Would I recommend Thinking, Fast and Slow by Daniel Kahneman? It’s a very interesting book on how our thinking works and it can open up your mind about your own behaviour. But I mind you, only start reading it if you read a lot and you don’t rush to start another book anytime soon.
I find it very difficult to put down books. If something is really bad, I might put it down. But if I find something interesting even if it doesn’t match exactly what I was looking for, I’ll likely keep on reading.
This book didn’t exactly match what I was looking for, but it’s definitely a very good book, so I kept on reading.
Let me share a few words on the author and the main idea behind this book.
Daniel Kahneman is a psychologist and economist who researched extensively the psychology of judgement and how people make decisions. These led him to behavioural economics. His work on this subject was rewarded with the Nobel Prize in Economic Sciences.
He often referred to Amos Tversky in his book. Tversky is another psychologist who he worked a lot and became friends with. They studied a lot about how we - humans - make errors from our heuristics and biases. As a result, they developed prospect theory.
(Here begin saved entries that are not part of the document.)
lemma exists_norming_blocks:
  fixes x :: "nat \<Rightarrow> 'a::banach"
  assumes "bounded (range x)" and "\<And>l. lo l < cJ x" and "\<And>l. cJ x < hi l"
  shows "\<exists>p L. normalized_blocks p L \<and> (\<forall>l. lo l < cseq x (p l)) \<and>
           (\<forall>l. norm (block_sum x p L l) < hi l)"
proof -
  have "\<forall>l. \<exists>n. lo l < cseq x n"
    using less_cJ_imp_less_cseq[OF assms(1,2)] by blast
  then have "\<exists>N. \<forall>l. lo l < cseq x (N l)" by (rule choice)
  then obtain N where N: "\<And>l. lo l < cseq x (N l)" by blast
  define good_block where "good_block l s t \<longleftrightarrow> s < t \<and>
      (\<exists>Lb. (\<Sum>k\<in>{s..<t}. \<bar>Lb k\<bar>) = 1 \<and> norm (\<Sum>k\<in>{s..<t}. Lb k *\<^sub>R x k) < hi l)" for l s t
  have "\<exists>t. lo (Suc l) < cseq x t \<and> good_block l s t" for l s
  proof -
    have "cseq x s < hi l"
      using cseq_le_cJ[OF assms(1), of s] assms(3)[of l] by linarith
    then obtain t Lb where "s < t" "N (Suc l) \<le> t" "(\<Sum>k\<in>{s..<t}. \<bar>Lb k\<bar>) = 1"
        "norm (\<Sum>k\<in>{s..<t}. Lb k *\<^sub>R x k) < hi l"
      using finite_combination_norm_less[OF assms(1), of s _ "N (Suc l)"] by blast
    moreover have "lo (Suc l) < cseq x t"
      using N[of "Suc l"] cseq_mono[OF \<open>N (Suc l) \<le> t\<close>, of x] by linarith
    ultimately show ?thesis unfolding good_block_def by blast
  qed
  then obtain p where p: "\<And>l. lo l < cseq x (p l)" and "\<And>l. good_block l (p l) (p (Suc l))"
    using dependent_nat_choice[of "\<lambda>l s. lo l < cseq x s" good_block] N by blast
  then have p_less: "p l < p (Suc l)"
    and "\<exists>Lb. (\<Sum>k\<in>{p l..<p (Suc l)}. \<bar>Lb k\<bar>) = 1 \<and>
          norm (\<Sum>k\<in>{p l..<p (Suc l)}. Lb k *\<^sub>R x k) < hi l" for l
    by (auto simp: good_block_def)
  then have "\<exists>L. \<forall>l. (\<Sum>k\<in>{p l..<p (Suc l)}. \<bar>L l k\<bar>) = 1 \<and>
      norm (\<Sum>k\<in>{p l..<p (Suc l)}. L l k *\<^sub>R x k) < hi l"
    by (intro choice allI)
  then obtain L where "\<And>l. (\<Sum>k\<in>{p l..<p (Suc l)}. \<bar>L l k\<bar>) = 1"
    and "\<And>l. norm (block_sum x p L l) < hi l"
    unfolding block_sum_def by blast
  with p p_less show ?thesis
    by (auto simp: normalized_blocks_def strict_mono_Suc_iff)
qed

lemma two_powi_minus_Suc: "(2::real) powi (- int (m + 1)) = (1 / 2) ^ Suc m"
proof -
  have "(2::real) powi (- int (m + 1)) = inverse (2 powi int (m + 1))"
    by (rule power_int_minus)
  also have "(2::real) powi int (m + 1) = 2 ^ (m + 1)"
    by (rule power_int_of_nat)
  finally show ?thesis by (simp only: power_one_over inverse_eq_divide Suc_eq_plus1)
qed

lemma norm_block_sum_ge_cseq:
  assumes "normalized_blocks p L"
  shows "cseq x (p l) \<le> norm (block_sum x p L l)"
  using cseq_mult_sum_le_norm_block_sum[OF assms, where x = x and m = l and n = 1 and a = "\<lambda>_. 1"]
  by simp

lemma block_sum_tail_bounds:
  fixes x :: "nat \<Rightarrow> 'a::banach"
  assumes blocks: "normalized_blocks p L" and "bounded (range x)" and a: "summable (\<lambda>l. \<bar>a l\<bar>)"
    and lower: "lo \<le> cseq x (p m)" and upper: "\<And>l. m \<le> l \<Longrightarrow> norm (block_sum x p L l) \<le> hi"
  shows "lo * (\<Sum>l. \<bar>a (l + m)\<bar>) \<le> norm (\<Sum>l. a (l + m) *\<^sub>R block_sum x p L (l + m))"
    and "norm (\<Sum>l. a (l + m) *\<^sub>R block_sum x p L (l + m)) \<le> hi * (\<Sum>l. \<bar>a (l + m)\<bar>)"
proof -
  have tail: "summable (\<lambda>l. \<bar>a (l + m)\<bar>)"
    using a by (rule summable_ignore_initial_segment)
  have "lo * (\<Sum>l. \<bar>a (l + m)\<bar>) \<le> cseq x (p m) * (\<Sum>l. \<bar>a (l + m)\<bar>)"
    using lower tail by (intro mult_right_mono suminf_nonneg) auto
  also have "\<dots> \<le> norm (\<Sum>l. a (l + m) *\<^sub>R block_sum x p L (l + m))"
    by (rule cseq_mult_suminf_le_norm_block_sum[OF blocks assms(2) a])
  finally show "lo * (\<Sum>l. \<bar>a (l + m)\<bar>) \<le> norm (\<Sum>l. a (l + m) *\<^sub>R block_sum x p L (l + m))" .
  show "norm (\<Sum>l. a (l + m) *\<^sub>R block_sum x p L (l + m)) \<le> hi * (\<Sum>l. \<bar>a (l + m)\<bar>)"
    using upper by (intro norm_suminf_scaleR_le[OF tail]) simp
qed

theorem lemma5p2:
  fixes x :: "nat \<Rightarrow> 'a::banach"
  assumes "bounded (range x)" and "cJ x > 0"
  shows "\<exists>z. block_seq z x \<and> (\<lambda>l. norm (z l)) \<longlonglongrightarrow> cJ x \<and>
    (\<forall>m (a :: nat \<Rightarrow> real). summable (\<lambda>l. \<bar>a l\<bar>) \<longrightarrow>
       (1 - 2 powi (- int (m + 1))) * cJ x * (\<Sum>l. \<bar>a (l + m)\<bar>)
         \<le> norm (\<Sum>l. a (l + m) *\<^sub>R z (l + m)) \<and>
       norm (\<Sum>l. a (l + m) *\<^sub>R z (l + m))
         \<le> (1 + 2 powi (- int (m + 1))) * cJ x * (\<Sum>l. \<bar>a (l + m)\<bar>))"
proof -
  define c where "c = cJ x"
  define e :: "nat \<Rightarrow> real" where "e l = (1 / 2) ^ Suc l" for l
  obtain p L where blocks: "normalized_blocks p L"
    and lower: "\<And>l. (1 - e l) * c < cseq x (p l)"
    and upper: "\<And>l. norm (block_sum x p L l) < (1 + e l) * c"
    using exists_norming_blocks[OF assms(1), of "\<lambda>l. (1 - e l) * c" "\<lambda>l. (1 + e l) * c"] assms(2)
    by (auto simp: c_def e_def)
  have upper_tail: "norm (block_sum x p L l) \<le> (1 + e m) * c" if "m \<le> l" for l m
  proof -
    have "e l \<le> e m" unfolding e_def using that by (simp add: power_decreasing)
    then have "(1 + e l) * c \<le> (1 + e m) * c" using assms(2) by (simp add: c_def)
    then show ?thesis using upper[of l] by linarith
  qed
  have "(\<lambda>l. norm (block_sum x p L l)) \<longlonglongrightarrow> c"
  proof (rule tendsto_sandwich)
    show "\<forall>\<^sub>F l in sequentially. (1 - e l) * c \<le> norm (block_sum x p L l)"
      using lower norm_block_sum_ge_cseq[OF blocks, of x]
      by (intro always_eventually allI) (meson less_imp_le order_trans)
    show "\<forall>\<^sub>F l in sequentially. norm (block_sum x p L l) \<le> (1 + e l) * c"
      using upper by (simp add: less_imp_le)
    have "e \<longlonglongrightarrow> 0"
      unfolding e_def by (rule LIMSEQ_power_zero[THEN LIMSEQ_Suc]) simp
    then show "(\<lambda>l. (1 - e l) * c) \<longlonglongrightarrow> c" and "(\<lambda>l. (1 + e l) * c) \<longlonglongrightarrow> c"
      by (auto intro!: tendsto_eq_intros)
  qed
  then show ?thesis
    unfolding two_powi_minus_Suc e_def[symmetric] c_def[symmetric]
    using block_seq_block_sum[OF blocks, of x] block_sum_tail_bounds[OF blocks assms(1)]
      less_imp_le[OF lower] upper_tail by blast
qed

end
Now let’s discuss a couple of the ideas presented in Thinking, Fast and Slow.
The two systems
First and foremost, there are no two distinct physical systems in our brains, this is a simplification. It’s an abstraction of how the brain works. If we examine how we think, how we react, we can recognize two patterns, two distinct systems.
System 1 is about reacting quickly. It’s automatic, we could say intuitive. It serves our basic human body functions, it helps us stay alive in a dangerous world. It helps us avoid losses, it’s responsible for our fears.
System 2 is slower. It’s not automatic, it’s rather analytic. If something is not in our instincts, if we do something that requires conscious thinking, like calculating 17 * 24, system 2 is involved.
There is no right or wrong system. Both are needed, both are important and both can make mistakes. Things become overly interesting when these systems are interacting with each other and when their predictions or decisions are in conflict.
Human beings are quite loss averse. Our fear of losing something is much bigger than our joy would be if we won the same thing. Though the exact numbers vary, we should be promised to win 3-7x more money than we could lose.
Let’s say you have these two options:
- 100% chance to gain $450 or 50% chance to gain $1000
- 100% chance to lose $500 or 50% chance to lose $1100
In the first scenario, most people will take the guaranteed win. Although we could make the double with a 50% chance and its future value (0.5*1000 = 500) is higher than the guaranteed 450, most people will not take on the risk.
On the other hand, when are facing a situation where we’d lose anyway, most of us we’ll take some risks to avoid the greater loss. Even if it’s against the odds. Despite the fact that 0.5*1100 (550) is a higher loss than 500, we are so much loss-averse that we’ll take on the risk.
The utility theory would advise otherwise, but we are emotional creatures. We cannot simply maximize the wins and minimize the losses.
We are not so rational.
Our rationality is cheating on us in another way too. We tend to attribute excessive weight to events with low probabilities and insufficient weight to events with high probabilities. We may unconsciously treat an outcome with a probability of 99% as if its probability were 95%, and an outcome with a probability of 1% as if it had a probability of 5%. In other words, we’d often be paralyzed by a tiny chance of failure.
The Endowment Effect
I’m sure you experienced the endowment effect in your own life. It says that you are more likely to retain something that you already own than acquire the same object if you don’t own it yet. It’s very simple to get an example. Imagine your favourite sweater. You’d probably not give it away for the same amount of money that you’d be happy to pay for a new one if you lost it.
Of course, the authors conducted some more interesting experiments. Let’s say you have a ticket to a major sports event. You got the ticket for the nominal price. Then the prices go up and you have a chance to sell the ticket for 3x price. There is a fair chance that you’d not sell it, it’s already yours and you want to go. Even though, economically it’d make sense to make the extra profit. At the same time, you’d not buy the ticket for the 3x price. Does it make sense? According to the endowment effect, it does…
Another experiment was performed with a wine-lower person. He was not willing to buy wine above $35 (in 1975!), but he was also very reluctant to sell below $100. There was nothing in between. Economically it would have made sense for him to buy a bottle of wine worth $50 for him for a price of up to $50 and sell it for anything more. But he didn’t do so. There was this huge gap between the maximum buying price and the minimum selling price.
That’s the Endowment Effect in action.
If you are interested in both psychology and economics, Thinking, Fast and Slow by Daniel Kahneman is a must-read. If you have plenty of time! It’s going to be long. But if you can dedicate the time, you can learn about the above phenomena in detail and much more. I have no regrets about reading it.